- _TASK REQUIREMENTS_: Nothing in the records may be left out or altered; reproduce them all exactly.

Stored items
──────

lemma h_\<delta>_i_inf:
  assumes x: "x \<in> L k"
  shows "h (k - 1) (\<delta> k (i_inf i h g \<delta> k x)) = i_inf i h g \<delta> k x - i k x"
  using A_expand_left[of "i k x" k] x by (simp add: i_inf_apply maps_simps)

lemma p_i_homotopy_formula:
  defines "h' \<equiv> gcomp (gcomp p 1 (h_inf h g \<delta>)) 0 i"
  shows "geq L (gdiff (gcomp p 0 i) gid)
           (gdiff (gadd (gcomp bL 1 h') (gcomp h' (-1) bL))
                  (gcomp (gdiff (gcomp p 0 (i_inf i h g \<delta>)) gid) 0
                         (gdiff (gcomp (p_inf p h g \<delta>) 0 i) gid)))"
    (is "geq L ?lhs ?rhs")
proof (unfold geq_def, intro allI ballI)
  fix k x
  assume x: "x \<in> L k"
  define y where "y = i k x"
  have y: "y \<in> M k"
    unfolding y_def using x by (simp add: maps_simps)
  have "bL (k + 1) (h' k x) + h' (k - 1) (bL k x)
      = p k (bM (k + 1) (h_inf h g \<delta> k y) + h_inf h g \<delta> (k - 1) (bM k y))"
    unfolding h'_def gcomp_def y_def using x by (simp add: bL_p bM_i h_inf_mem maps_simps)
  also have "\<dots>
      = p k (i_inf i h g \<delta> k (p_inf p h g \<delta> k y) - y - A (k + 1) (h k y) - h (k - 1) (A k y))"
    using h_inf_homotopy[OF y] by simp
  finally have homotopy': "bL (k + 1) (h' k x) + h' (k - 1) (bL k x) = \<dots>" .
  show "?lhs k x = ?rhs k x"
    using x y unfolding gdiff_def gadd_def gcomp_def gid_def
    by (simp add: homotopy' i_inf_apply p_inf_apply y_def maps_simps)
qed

lemma p_inf_i_inf_homotopy_formula:
  defines "h'' \<equiv> gcomp (gcomp (p_inf p h g \<delta>) 1 h) 0 (i_inf i h g \<delta>)"
  shows "geq L (gdiff (gcomp (p_inf p h g \<delta>) 0 (i_inf i h g \<delta>)) gid)
           (gdiff (gadd (gcomp (b_inf bL p i g \<delta>) 1 h'') (gcomp h'' (-1) (b_inf bL p i g \<delta>)))
                  (gcomp (gdiff (gcomp (p_inf p h g \<delta>) 0 i) gid) 0
                         (gdiff (gcomp p 0 (i_inf i h g \<delta>)) gid)))"
    (is "geq L ?lhs ?rhs")
proof (unfold geq_def, intro allI ballI)
  fix k x
  assume x: "x \<in> L k"
  define z where "z = i_inf i h g \<delta> k x"
  have z: "z \<in> M k"
    unfolding z_def using x by (rule i_inf_mem)
  have "b_inf bL p i g \<delta> (k + 1) (h'' k x) + h'' (k - 1) (b_inf bL p i g \<delta> k x)
      = p_inf p h g \<delta> k (bM (k + 1) (h k z) + \<delta> (k + 1) (h k z))
        + p_inf p h g \<delta> k (h (k - 1) (bM k z + \<delta> k z))"
    unfolding h''_def gcomp_def z_def using p_inf_chain[of "h k z" "k + 1"] i_inf_chain[OF x] x z
    by (simp add: z_def maps_simps)
  also have "\<dots> = p_inf p h g \<delta> k (i k (p k z)) - p_inf p h g \<delta> k z
        + p_inf p h g \<delta> k (\<delta> (k + 1) (h k z)) + p_inf p h g \<delta> k (h (k - 1) (\<delta> k z))"
    using z by (simp add: bM_h p_inf_add p_inf_diff maps_simps)
  also have "\<dots>
      = p_inf p h g \<delta> k (i k (p k z)) - p k z + p_inf p h g \<delta> k z - p_inf p h g \<delta> k (i k x)"
    unfolding p_inf_\<delta>_h[OF z] using h_\<delta>_i_inf[OF x] x z by (simp add: z_def p_inf_diff maps_simps)
  finally have homotopy'':
    "b_inf bL p i g \<delta> (k + 1) (h'' k x) + h'' (k - 1) (b_inf bL p i g \<delta> k x) = \<dots>" .
  show "?lhs k x = ?rhs k x"
    using x z unfolding gdiff_def gadd_def gcomp_def gid_def
    by (simp add: homotopy'' z_def[symmetric] p_inf_diff maps_simps)
qed

end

──────

- _PROBLEM SOLUTION_:
lemma h_\<delta>_i_inf:
  assumes x: "x \<in> L k"
  shows "h (k - 1) (\<delta> k (i_inf i h g \<delta> k x)) = i_inf i h g \<delta> k x - i k x"
  using A_expand_left[of "i k x" k] x by (simp add: i_inf_apply maps_simps)

lemma p_i_homotopy_formula:
  defines "h' \<equiv> gcomp (gcomp p 1 (h_inf h g \<delta>)) 0 i"
  shows "geq L (gdiff (gcomp p 0 i) gid)
           (gdiff (gadd (gcomp bL 1 h') (gcomp h' (-1) bL))
                  (gcomp (gdiff (gcomp p 0 (i_inf i h g \<delta>)) gid) 0
                         (gdiff (gcomp (p_inf p h g \<delta>) 0 i) gid)))"
    (is "geq L ?lhs ?rhs")
proof (unfold geq_def, intro allI ballI)
  fix k x
  assume x: "x \<in> L k"
  define y where "y = i k x"
  have y: "y \<in> M k"
    unfolding y_def using x by (simp add: maps_simps)
  have "bL (k + 1) (h' k x) + h' (k - 1) (bL k x)
      = p k (bM (k + 1) (h_inf h g \<delta> k y) + h_inf h g \<delta> (k - 1) (bM k y))"
    unfolding h'_def gcomp_def y_def using x by (simp add: bL_p bM_i h_inf_mem maps_simps)
  also have "\<dots>
      = p k (i_inf i h g \<delta> k (p_inf p h g \<delta> k y) - y - A (k + 1) (h k y) - h (k - 1) (A k y))"
    using h_inf_homotopy[OF y] by simp
  finally have homotopy': "bL (k + 1) (h' k x) + h' (k - 1) (bL k x) = \<dots>" .
  show "?lhs k x = ?rhs k x"
    using x y unfolding gdiff_def gadd_def gcomp_def gid_def
    by (simp add: homotopy' i_inf_apply p_inf_apply y_def maps_simps)
qed

lemma p_inf_i_inf_homotopy_formula:
  defines "h'' \<equiv> gcomp (gcomp (p_inf p h g \<delta>) 1 h) 0 (i_inf i h g \<delta>)"
  shows "geq L (gdiff (gcomp (p_inf p h g \<delta>) 0 (i_inf i h g \<delta>)) gid)
           (gdiff (gadd (gcomp (b_inf bL p i g \<delta>) 1 h'') (gcomp h'' (-1) (b_inf bL p i g \<delta>)))
                  (gcomp (gdiff (gcomp (p_inf p h g \<delta>) 0 i) gid) 0
                         (gdiff (gcomp p 0 (i_inf i h g \<delta>)) gid)))"
    (is "geq L ?lhs ?rhs")
proof (unfold geq_def, intro allI ballI)
  fix k x
  assume x: "x \<in> L k"
  define z where "z = i_inf i h g \<delta> k x"
  have z: "z \<in> M k"
    unfolding z_def using x by (rule i_inf_mem)
  have "b_inf bL p i g \<delta> (k + 1) (h'' k x) + h'' (k - 1) (b_inf bL p i g \<delta> k x)
      = p_inf p h g \<delta> k (bM (k + 1) (h k z) + \<delta> (k + 1) (h k z))
        + p_inf p h g \<delta> k (h (k - 1) (bM k z + \<delta> k z))"
    unfolding h''_def gcomp_def z_def using p_inf_chain[of "h k z" "k + 1"] i_inf_chain[OF x] x z
    by (simp add: z_def maps_simps)
  also have "\<dots> = p_inf p h g \<delta> k (i k (p k z)) - p_inf p h g \<delta> k z
        + p_inf p h g \<delta> k (\<delta> (k + 1) (h k z)) + p_inf p h g \<delta> k (h (k - 1) (\<delta> k z))"
    using z by (simp add: bM_h p_inf_add p_inf_diff maps_simps)
  also have "\<dots>
      = p_inf p h g \<delta> k (i k (p k z)) - p k z + p_inf p h g \<delta> k z - p_inf p h g \<delta> k (i k x)"
    unfolding p_inf_\<delta>_h[OF z] using h_\<delta>_i_inf[OF x] x z by (simp add: z_def p_inf_diff maps_simps)
  finally have homotopy'':
    "b_inf bL p i g \<delta> (k + 1) (h'' k x) + h'' (k - 1) (b_inf bL p i g \<delta> k x) = \<dots>" .
  show "?lhs k x = ?rhs k x"
    using x z unfolding gdiff_def gadd_def gcomp_def gid_def
    by (simp add: homotopy'' z_def[symmetric] p_inf_diff maps_simps)
qed

end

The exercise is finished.